- IATA: OCW; ICAO: KOCW; FAA LID: OCW;

Summary
- Owner/Operator: City of Washington
- Serves: Washington, North Carolina
- Opened: July 1942
- Elevation AMSL: 37.4 ft / 11.4 m
- Coordinates: 35°34′13.7″N 77°02′59.3″W﻿ / ﻿35.570472°N 77.049806°W
- Website: https://flykocw.com/
- Interactive map of Washington–Warren Airport

Runways
| Direction | Length |  | Surface |
| ft | m |
| 05/23 | 5,000 | 1,524 | Asphalt |
| 17/35 | 5,000 | 1,524 | Asphalt |

= Washington–Warren Airport =

Public airport in Washington, North Carolina

Washington–Warren Airport (IATA: OCW, ICAO: KOCW, FAA LID: OCW) is a public, city-owned airport serving the city of Washington and Beaufort County in North Carolina. The airport is located 2 miles (3.1 km) north of downtown Washington.

== History ==
The airport was opened in July 1942 as a military airfield. In 2012, a storm severely damaged the original terminal. When the new terminal was opened in 2015, the airport was renamed Washington–Warren Airport after former North Carolina congresswoman Lindsay Carter Warren.

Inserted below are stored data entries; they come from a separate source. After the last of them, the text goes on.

(* Let $G$ be a connected Lie group whose Lie algebra $\mathfrak{g}$ is a subalgebra of $\mathfrak{gl}(q,\mathbb{C})$, and let $\|\cdot\|$ be a Banach algebra norm on $\mathfrak{gl}(q,\mathbb{C})$. Let $g(z)=\frac{z}{1-e^{-z}}$ and let $B_1,B_2$ be constants with $|g(z)|\leq B_1$, $|g'(z)|\leq B_2$ on $\{z\in\mathbb{C}:|z|\leq\pi\}$. Let $\|\mathrm{ad}\|=\sup\{\|\mathrm{ad}(A_1)A_2\|:\|A_1\|=\|A_2\|=1\}$. For a continuous curve $A:[0,T]\to\mathfrak{g}$ let $a$ solve $\dot a(t)=A(t)\cdot a(t)$, $a(0)=1$, and let $Q(t)=\exp^{-1}a(t)$ denote the continuous curve in $\mathfrak{g}$ with $Q(0)=0$ and $\exp Q(t)=a(t)$, assumed well defined. Then there exists $\varepsilon>0$ such that for every such $A$ and $t$ with $t\|A\|_{L^\infty[0,t]}<\varepsilon$, $$\Big\|Q(t)-\int_0^tA(s)\,ds\Big\|\leq\frac{\|\mathrm{ad}\|\,t^2B_2^2}{1-\|\mathrm{ad}\|B_2\varepsilon}\|A\|^2_{L^\infty[0,t]}.$$
   Context: $\|A\|_{L^\infty[0,t]}=\sup_{s\in[0,t]}\|A(s)\|$. Where defined, $Q$ satisfies $\dot Q(t)=g(\mathrm{ad}\,Q(t))A(t)$, $Q(0)=0$. *)

theory Defs
  imports "HOL-Analysis.Analysis"
begin

type_synonym 'q cmat = "complex^'q^'q"

definition cscale :: "complex \<Rightarrow> 'q::finite cmat \<Rightarrow> 'q cmat" where
  "cscale c M = (\<chi> i j. c * M $ i $ j)"

fun mpow :: "'q::finite cmat \<Rightarrow> nat \<Rightarrow> 'q cmat" where
  "mpow M 0 = mat 1"
| "mpow M (Suc n) = M ** mpow M n"

definition mexp :: "'q::finite cmat \<Rightarrow> 'q cmat" where
  "mexp M = (\<Sum>n. (1 / fact n) *\<^sub>R mpow M n)"

definition mbracket :: "'q::finite cmat \<Rightarrow> 'q cmat \<Rightarrow> 'q cmat" where
  "mbracket X Y = X ** Y - Y ** X"

definition lie_subalgebra :: "'q::finite cmat set \<Rightarrow> bool" where
  "lie_subalgebra L \<longleftrightarrow> subspace L \<and> (\<forall>X\<in>L. \<forall>Y\<in>L. mbracket X Y \<in> L)"

text \<open>A Banach algebra norm on gl(q,C) (completeness is automatic in finite dimension).\<close>
definition banach_algebra_norm :: "('q::finite cmat \<Rightarrow> real) \<Rightarrow> bool" where
  "banach_algebra_norm N \<longleftrightarrow>
     (\<forall>X. 0 \<le> N X) \<and> (\<forall>X. N X = 0 \<longleftrightarrow> X = 0) \<and>
     (\<forall>c X. N (cscale c X) = cmod c * N X) \<and>
     (\<forall>X Y. N (X + Y) \<le> N X + N Y) \<and>
     (\<forall>X Y. N (X ** Y) \<le> N X * N Y)"

text \<open>The function g(z) = z/(1 - e^{-z}), extended by its limit 1 at z = 0.\<close>
definition gfun :: "complex \<Rightarrow> complex" where
  "gfun z = (if z = 0 then 1 else z / (1 - exp (- z)))"

definition ad_norm :: "('q::finite cmat \<Rightarrow> real) \<Rightarrow> real" where
  "ad_norm N = Sup {N (mbracket X Y) | X Y. N X = 1 \<and> N Y = 1}"

definition Linf :: "('q::finite cmat \<Rightarrow> real) \<Rightarrow> (real \<Rightarrow> 'q cmat) \<Rightarrow> real \<Rightarrow> real" where
  "Linf N A t = (SUP s\<in>{0..t}. N (A s))"

end

(*
  Let P(t) be the integral of A over [0, t] and p = t * sup |A|.  Differentiating the partial sums
  of exp P(t) and moving A(t) to the front of each power of P(t) costs only commutators
  [P(t), A(t)], of size at most |ad| * p * |A|; a Gronwall-type argument then gives
  |a(t) - exp P(t)| = O(|ad| p^2).  Near 0, exp is injective with Lipschitz inverse, so
  |Q(t) - P(t)| <= 3/10 |ad| p^2 whenever |Q(t)| <= 1/20, and a continuity argument shows that
  Q(t) cannot leave this ball while p <= 1/100.  Finally 3/10 <= B2^2, because |g'(pi)| >= 11/20,
  so eps = 1 / (100 (1 + B2)) works.
*)

theory Submission
  imports Defs
begin

lemma matrix_add_rdistrib: "((A::'a::semiring_1^'n^'m) + B) ** C = A ** C + B ** C"
  by (vector matrix_matrix_mult_def sum.distrib[symmetric] field_simps)

lemma matrix_diff_rdistrib: "((A::'a::ring_1^'n^'m) - B) ** C = A ** C - B ** C"
  by (vector matrix_matrix_mult_def sum_subtractf[symmetric] field_simps)

lemma matrix_diff_ldistrib: "(C::'a::ring_1^'n^'m) ** (A - B) = C ** A - C ** B"
  by (vector matrix_matrix_mult_def sum_subtractf[symmetric] field_simps)

lemma matrix_mul_sum_right: "(A::'a::semiring_1^'n^'m) ** sum f S = (\<Sum>i\<in>S. A ** f i)"
  by (induction S rule: infinite_finite_induct) (auto simp: matrix_add_ldistrib)

lemma matrix_scaleR_mul_left: "(c *\<^sub>R (A::'q::finite cmat)) ** B = c *\<^sub>R (A ** B)"
  by (simp add: scalar_matrix_assoc)

lemma matrix_scaleR_mul_right: "(A::'q::finite cmat) ** (c *\<^sub>R B) = c *\<^sub>R (A ** B)"
  by (simp add: matrix_scalar_ac scalar_matrix_assoc)

lemma bounded_bilinear_matrix_mul: "bounded_bilinear (\<lambda>(A::'q::finite cmat) B. A ** B)"
proof -
  have "bilinear (\<lambda>(A::'q::finite cmat) B. A ** B)"
    unfolding bilinear_def
    by (auto intro!: linearI simp: matrix_add_ldistrib matrix_add_rdistrib
        matrix_scaleR_mul_left matrix_scaleR_mul_right)
  then show ?thesis using bilinear_conv_bounded_bilinear by blast
qed

lemma scaleR_eq_cscale: "c *\<^sub>R (X::'q::finite cmat) = cscale (complex_of_real c) X"
  by (simp add: cscale_def vec_eq_iff) (simp add: scaleR_conv_of_real)

lemma numeral_mult_cmat: "numeral k * (M::'q::finite cmat) = numeral k *\<^sub>R M"
  by (simp add: vec_eq_iff) (simp add: scaleR_conv_of_real)

lemma mat_1_neq_0: "(mat 1 :: 'a::zero_neq_one^'n^'n) \<noteq> 0"
proof
  assume "(mat 1 :: 'a^'n^'n) = 0"
  then have "(mat 1 :: 'a^'n^'n) $ undefined $ undefined = 0" by simp
  then show False by (simp add: mat_def)
qed

definition mexp_partial :: "'q::finite cmat \<Rightarrow> nat \<Rightarrow> 'q cmat" where
  "mexp_partial X n = (\<Sum>k<n. (1 / fact k) *\<^sub>R mpow X k)"

lemma exp_sums_real: "(\<lambda>n. x ^ n / fact n) sums exp (x::real)"
  using exp_converges[of x] by (simp add: divide_inverse_commute)

lemma sum_power_fact_le_exp: "0 \<le> (x::real) \<Longrightarrow> (\<Sum>k<n. x ^ k / fact k) \<le> exp x"
  using exp_sums_real[of x] by (intro sum_le_suminf[of "\<lambda>k. x ^ k / fact k",
      unfolded sums_unique[OF exp_sums_real, symmetric]]) (auto simp: sums_summable)

locale algebra_norm =
  fixes N :: "'q::finite cmat \<Rightarrow> real"
  assumes banach_algebra_norm: "banach_algebra_norm N"
begin

lemma N_ge_zero: "0 \<le> N X"
  using banach_algebra_norm by (simp add: banach_algebra_norm_def)

lemma N_eq_zero_iff: "N X = 0 \<longleftrightarrow> X = 0"
  using banach_algebra_norm by (simp add: banach_algebra_norm_def)

lemma N_zero [simp]: "N 0 = 0"
  by (simp add: N_eq_zero_iff)

lemma N_pos: "X \<noteq> 0 \<Longrightarrow> 0 < N X"
  using N_eq_zero_iff N_ge_zero by (metis order_le_less)

lemma N_triangle_ineq: "N (X + Y) \<le> N X + N Y"
  using banach_algebra_norm by (simp add: banach_algebra_norm_def)

lemma N_mult_ineq: "N (X ** Y) \<le> N X * N Y"
  using banach_algebra_norm by (simp add: banach_algebra_norm_def)

lemma N_scaleR: "N (c *\<^sub>R X) = \<bar>c\<bar> * N X"
  using banach_algebra_norm by (simp add: banach_algebra_norm_def scaleR_eq_cscale)

lemma N_minus_cancel: "N (- X) = N X"
  using N_scaleR[of "-1" X] by simp

lemma N_diff_triangle_ineq: "N (X - Y) \<le> N X + N Y"
  using N_triangle_ineq[of X "-Y"] N_minus_cancel[of Y] by simp

lemma N_triangle_ineq2: "N X - N Y \<le> N (X - Y)"
  using N_triangle_ineq[of "X - Y" Y] by simp

lemma N_sum_le: "N (sum f S) \<le> (\<Sum>i\<in>S. N (f i))"
  by (induction S rule: infinite_finite_induct) (auto intro: order_trans[OF N_triangle_ineq])

lemma N_continuous_on: "continuous_on UNIV N"
proof -
  have "convex_on UNIV N"
  proof (rule convex_onI)
    fix t :: real and x y assume "0 < t" "t < 1"
    then show "N ((1 - t) *\<^sub>R x + t *\<^sub>R y) \<le> (1 - t) * N x + t * N y"
      using N_triangle_ineq[of "(1 - t) *\<^sub>R x" "t *\<^sub>R y"] by (simp add: N_scaleR)
  qed auto
  then show ?thesis by (rule convex_on_continuous[OF open_UNIV])
qed

lemma N_dominates_norm: "\<exists>C>0. \<forall>X. norm X \<le> C * N X"
proof -
  have "continuous_on (sphere 0 1) N" using N_continuous_on continuous_on_subset by blast
  then obtain X0 where X0: "X0 \<in> sphere 0 1" "\<forall>Y\<in>sphere 0 1. N X0 \<le> N Y"
    using continuous_attains_inf[of "sphere (0::'q cmat) 1" N] by auto
  then have N0: "0 < N X0" by (intro N_pos) auto
  have "norm X \<le> (1 / N X0) * N X" for X
  proof (cases "X = 0")
    case False
    then have "N X0 \<le> N ((1 / norm X) *\<^sub>R X)" using X0 by simp
    then show ?thesis using N0 False by (simp add: N_scaleR field_simps)
  qed simp
  then show ?thesis using N0 by (intro exI[of _ "1 / N X0"]) auto
qed

text \<open>\<open>N\<close> is not the norm of the type, so the library's estimates for \<open>norm\<close> do not apply;
  a norming functional, obtained by separating \<open>X / N X\<close> from the open unit ball of \<open>N\<close>,
  reduces the estimates below to scalar ones.\<close>

lemma N_norming_functional: "\<exists>a. (\<forall>Y. inner a Y \<le> N Y) \<and> inner a X = N X"
proof (cases "X = 0")
  case True then show ?thesis by (intro exI[of _ 0]) (simp add: N_ge_zero)
next
  case False
  define X1 where "X1 = (1 / N X) *\<^sub>R X"
  have NX1: "N X1 = 1" using N_pos[OF False] by (simp add: X1_def N_scaleR)
  have "convex {Y. N Y < 1}"
  proof (rule convexI)
    fix x y and u v :: real assume "x \<in> {Y. N Y < 1}" "y \<in> {Y. N Y < 1}" "0 \<le> u" "0 \<le> v" "u + v = 1"
    then show "u *\<^sub>R x + v *\<^sub>R y \<in> {Y. N Y < 1}"
      using N_triangle_ineq[of "u *\<^sub>R x" "v *\<^sub>R y"] convex_bound_lt[of "N x" 1 "N y" u v]
      by (simp add: N_scaleR)
  qed
  moreover have "{Y. N Y < 1} \<inter> {X1} = {}" using NX1 by auto
  ultimately obtain a b where ab: "a \<noteq> 0" "\<forall>Y. N Y < 1 \<longrightarrow> inner a Y \<le> b" "b \<le> inner a X1"
    using separating_hyperplane_sets[of "{Y. N Y < 1}" "{X1}"] by force
  have le: "inner a Y \<le> b * N Y" for Y
  proof (cases "Y = 0")
    case True then show ?thesis using ab(2) by force
  next
    case False
    show ?thesis
    proof (rule field_le_mult_one_interval)
      fix z :: real assume z: "0 < z" "z < 1"
      have "N ((z / N Y) *\<^sub>R Y) < 1" using z N_pos[OF False] by (simp add: N_scaleR)
      then have "(z / N Y) * inner a Y \<le> b" using ab(2) by auto
      then show "z * inner a Y \<le> b * N Y" using N_pos[OF False] by (simp add: field_simps)
    qed
  qed
  have "0 < b"
  proof (rule ccontr)
    assume "\<not> 0 < b"
    then have "inner a a \<le> 0" using le[of a] mult_nonpos_nonneg[of b "N a"] N_ge_zero[of a] by simp
    then show False using ab(1) inner_gt_zero_iff[of a] by linarith
  qed
  have "inner ((1 / b) *\<^sub>R a) Y \<le> N Y" for Y using le[of Y] \<open>0 < b\<close> by (simp add: field_simps)
  moreover have "N X \<le> inner ((1 / b) *\<^sub>R a) X"
    using ab(3) \<open>0 < b\<close> N_pos[OF False] by (simp add: X1_def field_simps)
  ultimately show ?thesis by (intro exI[of _ "(1 / b) *\<^sub>R a"]) (simp add: order_antisym)
qed

lemma N_suminf_le:
  assumes "summable f" "\<And>n. N (f n) \<le> b n" "summable b"
  shows "N (suminf f) \<le> suminf b"
proof -
  obtain a where a: "\<forall>Y. inner a Y \<le> N Y" "inner a (suminf f) = N (suminf f)"
    using N_norming_functional by blast
  have "inner a (suminf f) = (\<Sum>n. inner a (f n))"
    using bounded_linear.suminf[OF bounded_linear_inner_right assms(1)] by simp
  also have "\<dots> \<le> suminf b"
    using bounded_linear.summable[OF bounded_linear_inner_right assms(1)] assms(2,3) a(1)
    by (intro suminf_le) (auto intro: order_trans)
  finally show ?thesis using a(2) by simp
qed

In early 2022, the airport received a $20 million state grant for a new landing system and improvements to runways and taxiways.

The airport has held an annual air show called the Wheels and Wings Cruise-In & Fly-In since 2021 to raise money for the University of North Carolina Jaycee Burn Clinic. Since 2022, Washington–Warren Airport has partnered with Virginia-based drone company Xelevate to host an annual drone technology conference called the Washington-Warren Air & Drone Show. The inaugural event was held on December 17, 2022, to commemorate the 119th anniversary of the Wright brothers' first flight.

== Services ==
The airport does not have any scheduled operations, instead serving corporate air traffic and frequently serving as a stopover point for general aviation flights between New York and Miami. It also frequently used as a stopover point for travelers from the Washington DC area to MCAS Cherry Point, MCB Camp Lejeune, Seymour Johnson AFB, CGAS Elizabeth City, and Naval Station Norfolk.